(Records drawn from a dataset)
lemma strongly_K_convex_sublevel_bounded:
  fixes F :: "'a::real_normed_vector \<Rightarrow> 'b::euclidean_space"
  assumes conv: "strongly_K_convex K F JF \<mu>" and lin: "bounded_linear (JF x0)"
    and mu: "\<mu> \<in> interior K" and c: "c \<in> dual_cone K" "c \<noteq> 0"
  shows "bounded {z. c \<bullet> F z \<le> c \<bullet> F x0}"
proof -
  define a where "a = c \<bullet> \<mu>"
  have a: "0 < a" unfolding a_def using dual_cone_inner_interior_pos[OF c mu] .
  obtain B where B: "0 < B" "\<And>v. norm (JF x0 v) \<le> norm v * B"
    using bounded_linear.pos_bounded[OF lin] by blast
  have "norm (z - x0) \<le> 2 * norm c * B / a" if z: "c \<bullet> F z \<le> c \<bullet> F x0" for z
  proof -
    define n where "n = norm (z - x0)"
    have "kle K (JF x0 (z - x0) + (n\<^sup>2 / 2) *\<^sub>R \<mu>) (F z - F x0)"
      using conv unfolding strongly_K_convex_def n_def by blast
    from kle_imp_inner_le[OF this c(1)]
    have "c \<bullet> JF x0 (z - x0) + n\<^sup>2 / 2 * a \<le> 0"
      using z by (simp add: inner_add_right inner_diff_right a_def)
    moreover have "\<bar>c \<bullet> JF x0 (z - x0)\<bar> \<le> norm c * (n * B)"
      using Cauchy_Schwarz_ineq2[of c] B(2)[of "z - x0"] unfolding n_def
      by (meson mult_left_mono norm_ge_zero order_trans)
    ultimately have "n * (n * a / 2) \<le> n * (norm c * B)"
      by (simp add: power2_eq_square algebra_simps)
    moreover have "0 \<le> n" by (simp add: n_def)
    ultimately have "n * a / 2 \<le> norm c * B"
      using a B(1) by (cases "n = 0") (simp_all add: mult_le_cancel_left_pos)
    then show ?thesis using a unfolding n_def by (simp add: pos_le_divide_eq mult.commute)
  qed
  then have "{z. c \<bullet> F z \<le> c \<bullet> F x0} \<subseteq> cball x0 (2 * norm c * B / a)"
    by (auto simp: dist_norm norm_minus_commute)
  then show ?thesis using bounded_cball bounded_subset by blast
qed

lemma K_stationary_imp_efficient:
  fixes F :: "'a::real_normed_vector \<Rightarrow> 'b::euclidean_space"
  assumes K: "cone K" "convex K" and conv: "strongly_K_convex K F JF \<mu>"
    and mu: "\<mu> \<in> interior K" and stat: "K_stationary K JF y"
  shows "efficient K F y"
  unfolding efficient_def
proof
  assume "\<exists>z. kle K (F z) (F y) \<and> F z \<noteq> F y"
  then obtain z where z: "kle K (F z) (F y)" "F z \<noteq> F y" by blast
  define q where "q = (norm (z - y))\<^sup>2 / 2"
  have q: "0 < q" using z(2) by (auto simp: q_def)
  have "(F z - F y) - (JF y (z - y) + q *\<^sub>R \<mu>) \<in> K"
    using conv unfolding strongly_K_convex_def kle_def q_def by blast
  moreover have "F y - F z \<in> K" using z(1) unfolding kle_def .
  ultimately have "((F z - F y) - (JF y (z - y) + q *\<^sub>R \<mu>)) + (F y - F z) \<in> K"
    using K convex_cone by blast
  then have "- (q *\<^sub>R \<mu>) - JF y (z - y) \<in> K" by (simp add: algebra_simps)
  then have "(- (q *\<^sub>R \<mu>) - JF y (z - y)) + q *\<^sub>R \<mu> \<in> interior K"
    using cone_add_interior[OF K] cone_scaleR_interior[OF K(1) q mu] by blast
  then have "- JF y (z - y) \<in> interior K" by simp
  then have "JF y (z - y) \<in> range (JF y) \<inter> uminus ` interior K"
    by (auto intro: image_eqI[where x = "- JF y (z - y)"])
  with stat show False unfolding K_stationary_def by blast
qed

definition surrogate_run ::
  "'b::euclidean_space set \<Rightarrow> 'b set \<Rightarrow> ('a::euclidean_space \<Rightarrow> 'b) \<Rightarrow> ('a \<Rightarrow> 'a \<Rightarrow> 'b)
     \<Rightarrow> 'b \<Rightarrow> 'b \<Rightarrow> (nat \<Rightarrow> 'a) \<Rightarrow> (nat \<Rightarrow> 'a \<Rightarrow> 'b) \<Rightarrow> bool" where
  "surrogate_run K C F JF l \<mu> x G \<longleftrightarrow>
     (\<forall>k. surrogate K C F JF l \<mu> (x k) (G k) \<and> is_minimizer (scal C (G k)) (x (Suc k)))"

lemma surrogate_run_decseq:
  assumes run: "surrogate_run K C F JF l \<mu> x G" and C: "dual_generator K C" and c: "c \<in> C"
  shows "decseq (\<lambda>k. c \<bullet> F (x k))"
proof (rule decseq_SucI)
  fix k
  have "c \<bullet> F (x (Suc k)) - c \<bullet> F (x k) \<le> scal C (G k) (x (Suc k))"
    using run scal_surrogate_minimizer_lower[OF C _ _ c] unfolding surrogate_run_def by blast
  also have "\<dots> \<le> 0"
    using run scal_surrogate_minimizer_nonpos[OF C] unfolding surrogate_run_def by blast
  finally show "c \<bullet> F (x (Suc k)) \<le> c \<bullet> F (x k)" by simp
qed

==

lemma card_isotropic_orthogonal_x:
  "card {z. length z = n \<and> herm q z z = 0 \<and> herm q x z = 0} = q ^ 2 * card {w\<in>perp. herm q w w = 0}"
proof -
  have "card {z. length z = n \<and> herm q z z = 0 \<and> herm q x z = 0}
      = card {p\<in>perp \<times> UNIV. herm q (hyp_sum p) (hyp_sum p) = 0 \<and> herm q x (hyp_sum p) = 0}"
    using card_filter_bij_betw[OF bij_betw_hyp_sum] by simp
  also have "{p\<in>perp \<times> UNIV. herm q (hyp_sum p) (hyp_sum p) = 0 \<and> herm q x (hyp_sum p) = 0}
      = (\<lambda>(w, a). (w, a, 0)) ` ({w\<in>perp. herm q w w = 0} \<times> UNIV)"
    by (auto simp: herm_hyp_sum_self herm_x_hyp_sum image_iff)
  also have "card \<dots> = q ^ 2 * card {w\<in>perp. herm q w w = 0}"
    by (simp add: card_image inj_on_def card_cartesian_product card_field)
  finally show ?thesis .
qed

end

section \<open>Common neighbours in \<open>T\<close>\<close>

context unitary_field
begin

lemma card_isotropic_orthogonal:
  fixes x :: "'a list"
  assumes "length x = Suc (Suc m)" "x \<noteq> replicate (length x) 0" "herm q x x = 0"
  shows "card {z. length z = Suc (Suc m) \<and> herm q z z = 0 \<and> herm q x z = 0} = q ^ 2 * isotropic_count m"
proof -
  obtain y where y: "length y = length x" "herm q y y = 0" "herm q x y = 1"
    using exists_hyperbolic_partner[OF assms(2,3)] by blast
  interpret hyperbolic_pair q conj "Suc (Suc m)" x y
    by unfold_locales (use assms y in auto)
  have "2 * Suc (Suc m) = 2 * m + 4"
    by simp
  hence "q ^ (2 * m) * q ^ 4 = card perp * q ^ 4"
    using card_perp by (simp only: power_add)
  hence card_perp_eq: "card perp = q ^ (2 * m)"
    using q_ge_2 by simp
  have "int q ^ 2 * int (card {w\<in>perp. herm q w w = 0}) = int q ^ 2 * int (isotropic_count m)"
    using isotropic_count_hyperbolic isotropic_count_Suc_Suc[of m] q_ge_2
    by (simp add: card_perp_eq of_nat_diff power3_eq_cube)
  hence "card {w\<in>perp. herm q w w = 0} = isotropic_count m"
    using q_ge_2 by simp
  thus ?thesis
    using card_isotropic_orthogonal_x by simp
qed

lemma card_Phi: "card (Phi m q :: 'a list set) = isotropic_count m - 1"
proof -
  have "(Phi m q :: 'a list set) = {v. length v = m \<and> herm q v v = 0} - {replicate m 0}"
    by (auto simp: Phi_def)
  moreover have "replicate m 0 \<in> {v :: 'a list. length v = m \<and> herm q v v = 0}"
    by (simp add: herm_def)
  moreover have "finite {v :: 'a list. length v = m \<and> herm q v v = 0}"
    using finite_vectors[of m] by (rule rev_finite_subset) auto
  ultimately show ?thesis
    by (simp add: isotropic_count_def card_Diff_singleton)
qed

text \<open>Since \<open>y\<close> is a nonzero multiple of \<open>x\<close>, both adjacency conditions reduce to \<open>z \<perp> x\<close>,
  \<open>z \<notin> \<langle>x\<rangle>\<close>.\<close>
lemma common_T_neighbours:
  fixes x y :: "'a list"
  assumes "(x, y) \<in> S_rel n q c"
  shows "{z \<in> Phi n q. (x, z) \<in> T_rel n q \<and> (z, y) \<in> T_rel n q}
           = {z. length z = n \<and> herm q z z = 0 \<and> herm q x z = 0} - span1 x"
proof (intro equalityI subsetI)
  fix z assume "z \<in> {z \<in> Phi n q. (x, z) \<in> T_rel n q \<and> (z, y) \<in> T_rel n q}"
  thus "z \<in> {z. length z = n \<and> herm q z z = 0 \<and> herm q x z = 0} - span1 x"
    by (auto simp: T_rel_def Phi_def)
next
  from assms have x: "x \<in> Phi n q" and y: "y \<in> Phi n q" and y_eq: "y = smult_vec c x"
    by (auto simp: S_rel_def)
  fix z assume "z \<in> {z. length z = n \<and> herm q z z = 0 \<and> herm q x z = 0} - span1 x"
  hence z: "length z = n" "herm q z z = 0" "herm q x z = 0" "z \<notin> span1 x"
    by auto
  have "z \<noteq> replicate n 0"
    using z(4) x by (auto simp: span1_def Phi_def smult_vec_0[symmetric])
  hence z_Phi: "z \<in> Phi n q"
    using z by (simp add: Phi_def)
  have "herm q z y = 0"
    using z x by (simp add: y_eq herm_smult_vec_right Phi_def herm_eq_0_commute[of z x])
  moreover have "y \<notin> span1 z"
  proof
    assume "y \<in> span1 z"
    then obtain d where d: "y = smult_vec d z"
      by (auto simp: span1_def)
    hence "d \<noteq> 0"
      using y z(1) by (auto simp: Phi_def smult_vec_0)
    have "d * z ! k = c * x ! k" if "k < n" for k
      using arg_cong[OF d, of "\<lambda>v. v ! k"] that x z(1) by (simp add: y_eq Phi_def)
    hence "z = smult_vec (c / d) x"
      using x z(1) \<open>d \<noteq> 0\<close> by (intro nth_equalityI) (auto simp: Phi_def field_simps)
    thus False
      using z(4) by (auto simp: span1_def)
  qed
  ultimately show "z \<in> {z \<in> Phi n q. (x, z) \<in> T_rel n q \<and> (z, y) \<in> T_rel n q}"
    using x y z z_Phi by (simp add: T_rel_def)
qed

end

> EXERCISE DESCRIPTION
From the records above, transcribe without alteration every line from the one with "using Cauchy_Schwarz_ineq2[of c]" to the one with "by (auto intro: image_eqI[where", inclusive.

> SOLUTION TO THE PROBLEM
      using Cauchy_Schwarz_ineq2[of c] B(2)[of "z - x0"] unfolding n_def
      by (meson mult_left_mono norm_ge_zero order_trans)
    ultimately have "n * (n * a / 2) \<le> n * (norm c * B)"
      by (simp add: power2_eq_square algebra_simps)
    moreover have "0 \<le> n" by (simp add: n_def)
    ultimately have "n * a / 2 \<le> norm c * B"
      using a B(1) by (cases "n = 0") (simp_all add: mult_le_cancel_left_pos)
    then show ?thesis using a unfolding n_def by (simp add: pos_le_divide_eq mult.commute)
  qed
  then have "{z. c \<bullet> F z \<le> c \<bullet> F x0} \<subseteq> cball x0 (2 * norm c * B / a)"
    by (auto simp: dist_norm norm_minus_commute)
  then show ?thesis using bounded_cball bounded_subset by blast
qed

lemma K_stationary_imp_efficient:
  fixes F :: "'a::real_normed_vector \<Rightarrow> 'b::euclidean_space"
  assumes K: "cone K" "convex K" and conv: "strongly_K_convex K F JF \<mu>"
    and mu: "\<mu> \<in> interior K" and stat: "K_stationary K JF y"
  shows "efficient K F y"
  unfolding efficient_def
proof
  assume "\<exists>z. kle K (F z) (F y) \<and> F z \<noteq> F y"
  then obtain z where z: "kle K (F z) (F y)" "F z \<noteq> F y" by blast
  define q where "q = (norm (z - y))\<^sup>2 / 2"
  have q: "0 < q" using z(2) by (auto simp: q_def)
  have "(F z - F y) - (JF y (z - y) + q *\<^sub>R \<mu>) \<in> K"
    using conv unfolding strongly_K_convex_def kle_def q_def by blast
  moreover have "F y - F z \<in> K" using z(1) unfolding kle_def .
  ultimately have "((F z - F y) - (JF y (z - y) + q *\<^sub>R \<mu>)) + (F y - F z) \<in> K"
    using K convex_cone by blast
  then have "- (q *\<^sub>R \<mu>) - JF y (z - y) \<in> K" by (simp add: algebra_simps)
  then have "(- (q *\<^sub>R \<mu>) - JF y (z - y)) + q *\<^sub>R \<mu> \<in> interior K"
    using cone_add_interior[OF K] cone_scaleR_interior[OF K(1) q mu] by blast
  then have "- JF y (z - y) \<in> interior K" by simp
  then have "JF y (z - y) \<in> range (JF y) \<inter> uminus ` interior K"
    by (auto intro: image_eqI[where x = "- JF y (z - y)"])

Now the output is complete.